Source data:
==*==

(* Let $\Lambda=(\mathcal{L}\subset\mathbb{R}^s,\mathbb{R}^n)$ be a generic cut-and-project scheme with associated matrix $L$ and with self-similarity $A\in\mathbb{R}^{n\times n}$, and let $B\in\mathbb{R}^{(s-n)\times(s-n)}$, $C\in\mathbb{Z}^{s\times s}$ satisfy $\begin{pmatrix}A&O\\O&B\end{pmatrix}L=LC$. Then $\mu_{A,\mathbb{Q}}=\mu_{B,\mathbb{Q}}=\mu_{C,\mathbb{Q}}=\mu_C$. In particular, either $A,B,C$ are all non-singular or all singular. Moreover, $A,B,C$ are either all diagonalizable over $\mathbb{C}$ or all non-diagonalizable over $\mathbb{C}$.
   Context: For a square matrix $T$, $\mu_T$ is its minimal polynomial (monic polynomial in $\mathbb{C}[X]$ of smallest degree with $\mu_T(T)=O$), and, when the eigenvalues of $T$ are algebraic, $\mu_{T,\mathbb{Q}}$ is the monic polynomial in $\mathbb{Q}[X]$ of smallest degree with $\mu_{T,\mathbb{Q}}(T)=O$. A lattice $\mathcal{L}\subset\mathbb{R}^s$ is $\{L\mathbf{r}:\mathbf{r}\in\mathbb{Z}^s\}$ for a non-singular $L\in\mathbb{R}^{s\times s}$. For $1\le n<s$, the scheme $(\mathcal{L}\subset\mathbb{R}^s,\mathbb{R}^n)$ has projections $\pi_\parallel(\mathbf{x})=(x_1,\dots,x_n)^\top$, $\pi_\perp(\mathbf{x})=(x_{n+1},\dots,x_s)^\top$; it is generic if $\pi_\parallel|_{\mathcal{L}}$ and $\pi_\perp|_{\mathcal{L}}$ are injective and $\pi_\perp(\mathcal{L})$ is dense in $\mathbb{R}^{s-n}$. $A$ is a self-similarity of it if $A\pi_\parallel(\mathcal{L})\subset\pi_\parallel(\mathcal{L})$ and there exist $C\in\mathbb{Z}^{s\times s}$, $B$ real with $\begin{pmatrix}A&O\\O&B\end{pmatrix}L=LC$. *)

theory Defs
  imports "Jordan_Normal_Form.Matrix" "Jordan_Normal_Form.Char_Poly"
    "HOL-Computational_Algebra.Polynomial" Complex_Main
begin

==*==

REQUIRED ACTION: Give the entries again in full, exactly as they are written.

COMPLETED EXERCISE:
(* Let $\Lambda=(\mathcal{L}\subset\mathbb{R}^s,\mathbb{R}^n)$ be a generic cut-and-project scheme with associated matrix $L$ and with self-similarity $A\in\mathbb{R}^{n\times n}$, and let $B\in\mathbb{R}^{(s-n)\times(s-n)}$, $C\in\mathbb{Z}^{s\times s}$ satisfy $\begin{pmatrix}A&O\\O&B\end{pmatrix}L=LC$. Then $\mu_{A,\mathbb{Q}}=\mu_{B,\mathbb{Q}}=\mu_{C,\mathbb{Q}}=\mu_C$. In particular, either $A,B,C$ are all non-singular or all singular. Moreover, $A,B,C$ are either all diagonalizable over $\mathbb{C}$ or all non-diagonalizable over $\mathbb{C}$.
   Context: For a square matrix $T$, $\mu_T$ is its minimal polynomial (monic polynomial in $\mathbb{C}[X]$ of smallest degree with $\mu_T(T)=O$), and, when the eigenvalues of $T$ are algebraic, $\mu_{T,\mathbb{Q}}$ is the monic polynomial in $\mathbb{Q}[X]$ of smallest degree with $\mu_{T,\mathbb{Q}}(T)=O$. A lattice $\mathcal{L}\subset\mathbb{R}^s$ is $\{L\mathbf{r}:\mathbf{r}\in\mathbb{Z}^s\}$ for a non-singular $L\in\mathbb{R}^{s\times s}$. For $1\le n<s$, the scheme $(\mathcal{L}\subset\mathbb{R}^s,\mathbb{R}^n)$ has projections $\pi_\parallel(\mathbf{x})=(x_1,\dots,x_n)^\top$, $\pi_\perp(\mathbf{x})=(x_{n+1},\dots,x_s)^\top$; it is generic if $\pi_\parallel|_{\mathcal{L}}$ and $\pi_\perp|_{\mathcal{L}}$ are injective and $\pi_\perp(\mathcal{L})$ is dense in $\mathbb{R}^{s-n}$. $A$ is a self-similarity of it if $A\pi_\parallel(\mathcal{L})\subset\pi_\parallel(\mathcal{L})$ and there exist $C\in\mathbb{Z}^{s\times s}$, $B$ real with $\begin{pmatrix}A&O\\O&B\end{pmatrix}L=LC$. *)

theory Defs
  imports "Jordan_Normal_Form.Matrix" "Jordan_Normal_Form.Char_Poly"
    "HOL-Computational_Algebra.Polynomial" Complex_Main
begin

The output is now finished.